Are You an Ambivert?

Don’t Believe Every Assessment You Take

As a leadership coach, you might think I’d like personality assessments. But I don’t. It’s not that they don’t have some value.  I just think that they’re more limited than people allow for: that humans are more complex than any automatic assessment can capture.

And I don’t care what their creators and promoters say about how precise they are, I get different results depending on the time of day, what’s going on my life, and how much coffee I’ve had.

Perhaps you’ve felt boxed in by one of these reports. According to at least two instruments, I’m an Introvert. And sometimes that feels true: I do sometimes like to think quietly until I’ve fleshed out my thoughts. Other times, though, I spew nascent ideas as fast as I can think them. At times I do gain energy by being alone. But after a while I need to get up and be with people.

About 7 years ago, I came across an assessment called the Highlands Ability Battery that promised to measure innate abilities that didn’t fluctuate after the age of 14.

That was when I heard the term Ambivert for this first time. Finally, I felt understood by an assessment. It was actually worth the painstaking three plus hours to take the tests.

We Ambiverts can be very confusing to others. We can be gregarious one moment, meditative the next.  We get a charge from being with people and working on a team…until we don’t.  For me, this really resonated. I can lead a day-long workshop with passion and deep empathy. After, you can find me in a fetal position in my car, recharging my batteries.

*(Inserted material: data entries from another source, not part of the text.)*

definition sic1_coeffs :: "(nat \<Rightarrow> nat \<Rightarrow> complex) \<Rightarrow> complex list list" where
  "sic1_coeffs a =
    [[2*a 0 0*a 0 1*a 2 0 + 6*a 0 0*a 0 2*a 3 0 - 2*a 1 0*a 3 0*a 0 3 - 2*a 0 1^2*a 3 0,
      2*a 0 0*a 0 1*a 2 1 + 16*a 0 0*a 2 0*a 0 2 - 4*a 1 0*a 2 0*a 0 3 - 2*a 0 1^2*a 2 0
        - 2*a 0 1*a 0 2*a 3 0 - 2*a 1 1*a 3 0*a 0 3,
      10*a 0 0*a 0 2*a 2 1 - 2*a 1 0*a 2 1*a 0 3 + 2*a 0 1*a 2 0*a 0 2 - 4*a 2 0*a 1 1*a 0 3
        - 2*a 0 2^2*a 3 0 - 2*a 3 0*a 1 2*a 0 3,
      4*a 0 1*a 0 2*a 2 1 - 4*a 2 0*a 1 2*a 0 3 - 2*a 1 1*a 2 1*a 0 3,
      2*a 0 2^2*a 2 1 - 2*a 2 1*a 1 2*a 0 3],
     [2*a 0 0*a 2 0*a 1 1 + 6*a 0 0*a 3 0*a 1 2 + 2*a 1 0*a 0 1*a 2 0 + 2*a 1 0*a 0 2*a 3 0
       - 4*a 0 1*a 1 1*a 3 0 - 4*a 2 0*a 3 0*a 0 3,
      16*a 0 0*a 2 0*a 1 2 + 2*a 0 0*a 1 1*a 2 1 + 2*a 1 0*a 0 1*a 2 1 + 8*a 1 0*a 2 0*a 0 2
        - 4*a 0 1*a 2 0*a 1 1 - 2*a 0 1*a 3 0*a 1 2 - 8*a 2 0^2*a 0 3 - 6*a 1 1*a 0 2*a 3 0
        - 4*a 3 0*a 2 1*a 0 3,
      10*a 0 0*a 2 1*a 1 2 + 6*a 1 0*a 0 2*a 2 1 + 2*a 0 1*a 2 0*a 1 2 - 6*a 2 0*a 1 1*a 0 2
        - 12*a 2 0*a 2 1*a 0 3 - 8*a 0 2*a 3 0*a 1 2,
      4*a 0 1*a 2 1*a 1 2 - 8*a 2 0*a 0 2*a 1 2 - 4*a 2 1^2*a 0 3,
      0],
     [2*a 0 0*a 2 0*a 2 1 + 2*a 1 0*a 2 0*a 1 1 + 4*a 1 0*a 3 0*a 1 2 + 2*a 0 1*a 2 0^2
       - 4*a 0 1*a 3 0*a 2 1 - 2*a 2 0*a 0 2*a 3 0 - 2*a 1 1^2*a 3 0,
      2*a 0 0*a 2 1^2 + 12*a 1 0*a 2 0*a 1 2 + 2*a 1 0*a 1 1*a 2 1 - 2*a 0 1*a 2 0*a 2 1
        - 2*a 2 0*a 1 1^2 - 4*a 1 1*a 3 0*a 1 2 - 10*a 0 2*a 3 0*a 2 1,
      8*a 1 0*a 2 1*a 1 2 - 2*a 2 0*a 1 1*a 1 2 - 12*a 2 0*a 0 2*a 2 1 - 4*a 3 0*a 1 2^2,
      -4*a 2 0*a 1 2^2 + 2*a 1 1*a 2 1*a 1 2 - 4*a 0 2*a 2 1^2,
      0],
     [2*a 1 0*a 2 0*a 2 1 + 2*a 2 0^2*a 1 1 + 2*a 2 0*a 3 0*a 1 2 - 4*a 1 1*a 3 0*a 2 1,
      2*a 1 0*a 2 1^2 + 8*a 2 0^2*a 1 2 - 2*a 2 0*a 1 1*a 2 1 - 6*a 3 0*a 2 1*a 1 2,
      0,
      0,
      0],
     [2*a 2 0^2*a 2 1 - 2*a 3 0*a 2 1^2,
      0,
      0,
      0,
      0]]"

lemma sic1_expansion:
  "3 * Az a w * Dpol a z w * Dww a z w - 2 * Az a w * Bw a z * Dz a z w
     - 2 * Az a w * (Dw a z w)^2 + Dpol a z w * Dw a z w * Dzz a z w
   = (\<Sum>i\<le>4. \<Sum>j\<le>4. sic1_coeffs a ! i ! j * z^i * w^j)"
  unfolding Dpol_eq Dz_eq Dw_eq Dzz_eq Dww_eq Az_def Bw_def sic1_coeffs_def
  by (simp add: eval_nat_numeral) algebra

lemma sic1_coeffs_eq_0:
  assumes "SIC a" and "i \<le> 4" and "j \<le> 4"
  shows "sic1_coeffs a ! i ! j = 0"
  using polyfun2_eq_0[of "\<lambda>i j. sic1_coeffs a ! i ! j", OF _ assms(2,3)] assms(1)
  unfolding SIC_def sic1_expansion by blast

lemma linear_product_affine: "linear_product (\<lambda>z w. c0 + c1 * z + c2 * w)"
  unfolding linear_product_def by (intro exI[of _ "[(c0, c1, c2)]"]) simp

lemma linear_product_mult:
  assumes "linear_product f" and "linear_product g"
  shows "linear_product (\<lambda>z w. f z w * g z w)"
proof -
  obtain fs gs where "\<And>z w. f z w = (\<Prod>(c0,c1,c2)\<leftarrow>fs. c0 + c1 * z + c2 * w)"
    and "\<And>z w. g z w = (\<Prod>(c0,c1,c2)\<leftarrow>gs. c0 + c1 * z + c2 * w)"
    using assms unfolding linear_product_def by blast
  then show ?thesis
    unfolding linear_product_def by (intro exI[of _ "fs @ gs"]) simp
qed

lemma linear_product_swap:
  assumes "linear_product f"
  shows "linear_product (\<lambda>z w. f w z)"
proof -
  obtain fs where "\<And>z w. f z w = (\<Prod>(c0,c1,c2)\<leftarrow>fs. c0 + c1 * z + c2 * w)"
    using assms unfolding linear_product_def by blast
  then show ?thesis
    unfolding linear_product_def
    by (intro exI[of _ "map (\<lambda>(c0,c1,c2). (c0,c2,c1)) fs"]) (simp add: comp_def case_prod_unfold add_ac)
qed

lemma quadratic_root_exists:
  fixes \<alpha> \<beta> \<gamma> :: complex
  assumes "\<alpha> \<noteq> 0"
  shows "\<exists>r. \<alpha> * r^2 + \<beta> * r + \<gamma> = 0"
proof
  let ?s = "csqrt (\<beta>^2 - 4 * \<alpha> * \<gamma>)"
  show "\<alpha> * ((- \<beta> + ?s) / (2 * \<alpha>))^2 + \<beta> * ((- \<beta> + ?s) / (2 * \<alpha>)) + \<gamma> = 0"
    using assms by (simp add: field_simps power2_eq_square) algebra
qed

lemma linear_product_quadratic: "linear_product (\<lambda>z w. \<alpha> * z^2 + \<beta> * z + \<gamma>)"
proof (cases "\<alpha> = 0")
  case True
  then show ?thesis
    using linear_product_affine[of \<gamma> \<beta> 0] by (simp add: add_ac)
next
  case False
  then obtain r where r: "\<alpha> * r^2 + \<beta> * r + \<gamma> = 0"
    using quadratic_root_exists by blast
  have "\<alpha> * z^2 + \<beta> * z + \<gamma> = (- r + z) * (\<beta> + \<alpha> * r + \<alpha> * z)" for z
    using r by algebra
  then show ?thesis
    unfolding linear_product_def by (intro exI[of _ "[(- r, 1, 0), (\<beta> + \<alpha> * r, \<alpha>, 0)]"]) simp
qed

lemma linear_product_sum_of_squares: "linear_product (\<lambda>z w. \<alpha> * (z + p)^2 + \<beta> * (w + q)^2)"
proof -
  define s t where "s = csqrt \<alpha>" and "t = csqrt \<beta>"
  have "\<alpha> * (z + p)^2 + \<beta> * (w + q)^2
      = (s*p + \<i>*t*q + s*z + \<i>*t*w) * (s*p - \<i>*t*q + s*z - \<i>*t*w)" for z w
    unfolding s_def t_def by (simp add: algebra_simps power2_eq_square) algebra
  then show ?thesis
    unfolding linear_product_def
    by (intro exI[of _ "[(s*p + \<i>*t*q, s, \<i>*t), (s*p - \<i>*t*q, s, - \<i>*t)]"]) simp
qed

lemma linear_product_Dpol_cubic:
  assumes "pluecker a" and "SIC a" and "a 2 1 \<noteq> 0" and "a 1 2 \<noteq> 0"
  shows "linear_product (Dpol a)"
proof -
  have "a 2 1 * (a 3 0 * a 2 1 - a 2 0^2) = 0"
    and "a 2 1 * (a 0 3 * a 1 2 - a 0 2^2) = 0"
    and "a 1 1 * a 2 1 * a 1 2 = 2 * a 2 0 * a 1 2^2 + 2 * a 0 2 * a 2 1^2"
    using sic1_coeffs_eq_0[OF \<open>SIC a\<close>, of 4 0] sic1_coeffs_eq_0[OF \<open>SIC a\<close>, of 0 4]
      sic1_coeffs_eq_0[OF \<open>SIC a\<close>, of 2 3]
    unfolding sic1_coeffs_def by (simp_all add: eval_nat_numeral) algebra+
  then have a30: "a 3 0 = a 2 0^2 / a 2 1" and a03: "a 0 3 = a 0 2^2 / a 1 2"
    and a11: "a 1 1 = 2 * a 2 0 * a 1 2 / a 2 1 + 2 * a 0 2 * a 2 1 / a 1 2"
    using assms(3,4) by (simp_all add: field_simps power2_eq_square)
  have a10: "a 1 0 = (a 1 1 * a 2 0 - a 1 2 * a 3 0) / a 2 1"
    and a01: "a 0 1 = (a 0 2 * a 1 1 - a 0 3 * a 2 1) / a 1 2"
    and a00: "a 0 0 = (a 0 2 * a 1 0 - a 0 3 * a 2 0) / a 1 2"
    using assms(1,3,4) unfolding pluecker_def by (simp_all add: field_simps)
  define u v where "u = a 0 2 / a 1 2" and "v = a 2 0 / a 2 1"
  have "Dpol a z w = (u + z) * ((v + w) * (a 2 1 * u + a 1 2 * v + a 2 1 * z + a 1 2 * w))" for z w
    unfolding Dpol_eq a00 a10 a01 unfolding a11 a30 a03 u_def v_def
    using assms(3,4) by (simp add: field_simps power2_eq_square)
  then show ?thesis
    unfolding linear_product_def
    by (intro exI[of _ "[(u, 1, 0), (v, 0, 1), (a 2 1 * u + a 1 2 * v, a 2 1, a 1 2)]"]) simp
qed

lemma linear_product_Dpol_cubic_z:
  assumes "pluecker a" and "SIC a" and "a 2 1 \<noteq> 0" and "a 1 2 = 0"
  shows "linear_product (Dpol a)"
proof -
  have "a 2 1 * (a 0 3 * a 1 2 - a 0 2^2) = 0"
    using sic1_coeffs_eq_0[OF \<open>SIC a\<close>, of 0 4] unfolding sic1_coeffs_def
    by (simp add: eval_nat_numeral) algebra
  then have "a 0 2 = 0"
    using assms(3,4) by simp
  then have a10: "a 1 0 = a 1 1 * a 2 0 / a 2 1" and a00: "a 0 0 = a 0 1 * a 2 0 / a 2 1"
    using assms(1,3,4) unfolding pluecker_def by (simp_all add: field_simps)
  have "Dpol a = (\<lambda>z w. (a 2 0 / a 2 1 + w) * (a 2 1 * z^2 + a 1 1 * z + a 0 1))"
    using \<open>a 0 2 = 0\<close> assms(3,4)
    unfolding Dpol_eq a10 a00 by (intro ext) (simp add: field_simps power2_eq_square)
  moreover have "linear_product (\<lambda>z w. (a 2 0 / a 2 1 + w) * (a 2 1 * z^2 + a 1 1 * z + a 0 1))"
    using linear_product_affine[of "a 2 0 / a 2 1" 0 1]
    by (intro linear_product_mult linear_product_quadratic) simp
  ultimately show ?thesis
    by simp
qed

lemma linear_product_Dpol_cubic_w:
  assumes "pluecker a" and "SIC a" and "a 1 2 \<noteq> 0" and "a 2 1 = 0"
  shows "linear_product (Dpol a)"
proof -
  have "a 2 0^2 * a 1 2 = 0"
    using sic1_coeffs_eq_0[OF \<open>SIC a\<close>, of 3 1] assms(4) unfolding sic1_coeffs_def
    by (simp add: eval_nat_numeral)
  then have "a 2 0 = 0"
    using assms(3) by simp
  then have a01: "a 0 1 = a 1 1 * a 0 2 / a 1 2" and a00: "a 0 0 = a 1 0 * a 0 2 / a 1 2"
    using assms(1,3,4) unfolding pluecker_def by (simp_all add: field_simps)
  have "Dpol a = (\<lambda>z w. (a 0 2 / a 1 2 + z) * (a 1 2 * w^2 + a 1 1 * w + a 1 0))"
    using \<open>a 2 0 = 0\<close> assms(3,4)
    unfolding Dpol_eq a01 a00 by (intro ext) (simp add: field_simps power2_eq_square)
  moreover have "linear_product (\<lambda>z w. (a 0 2 / a 1 2 + z) * (a 1 2 * w^2 + a 1 1 * w + a 1 0))"
    using linear_product_affine[of "a 0 2 / a 1 2" 1 0]
    by (intro linear_product_mult linear_product_swap[OF linear_product_quadratic]) simp
  ultimately show ?thesis
    by simp
qed

lemma linear_product_Dpol_bilinear:
  assumes "pluecker a" and "SIC a" and "a 2 1 = 0" and "a 1 2 = 0" and "a 1 1 \<noteq> 0"
  shows "linear_product (Dpol a)"
proof -
  have "a 0 2 = 0" and "a 2 0 = 0"
    using assms(1,3-5) unfolding pluecker_def by simp_all
  then have "a 1 1^2 * a 3 0 = 0"
    using sic1_coeffs_eq_0[OF \<open>SIC a\<close>, of 2 0] assms(3,4) unfolding sic1_coeffs_def
    by (simp add: eval_nat_numeral)
  then have "a 3 0 = 0"
    using assms(5) by simp
  then have a00: "a 0 0 = a 0 1 * a 1 0 / a 1 1"
    using assms(1,5) unfolding pluecker_def by (simp add: field_simps)
  have "Dpol a z w = 1 / a 1 1 * ((a 0 1 + a 1 1 * z) * (a 1 0 + a 1 1 * w))" for z w
    using \<open>a 0 2 = 0\<close> \<open>a 2 0 = 0\<close> assms(3-5) by (simp add: Dpol_eq a00 field_simps)
  then show ?thesis
    unfolding linear_product_def
    by (intro exI[of _ "[(1 / a 1 1, 0, 0), (a 0 1, a 1 1, 0), (a 1 0, 0, a 1 1)]"]) simp
qed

For you all you Introverts and Extroverts, I have a message: it’s not personal, and we’re not crazy.

So What Can an Ambivert Do?

Let people know about your style: that your behavior fluctuations are not about them, just about you needing to manage energy.   Be realistic about your needs. When you need to recharge, don’t feel guilty stepping away. You’ll be more useful and nice to be around when you return. And when you’re in the mood to talk out loud, say that these are early thoughts and that you’re tossing them out. On the other hand, if you need time to think before responding, say so.  People will be less confused, and will make fewer wrong assumptions about your intent.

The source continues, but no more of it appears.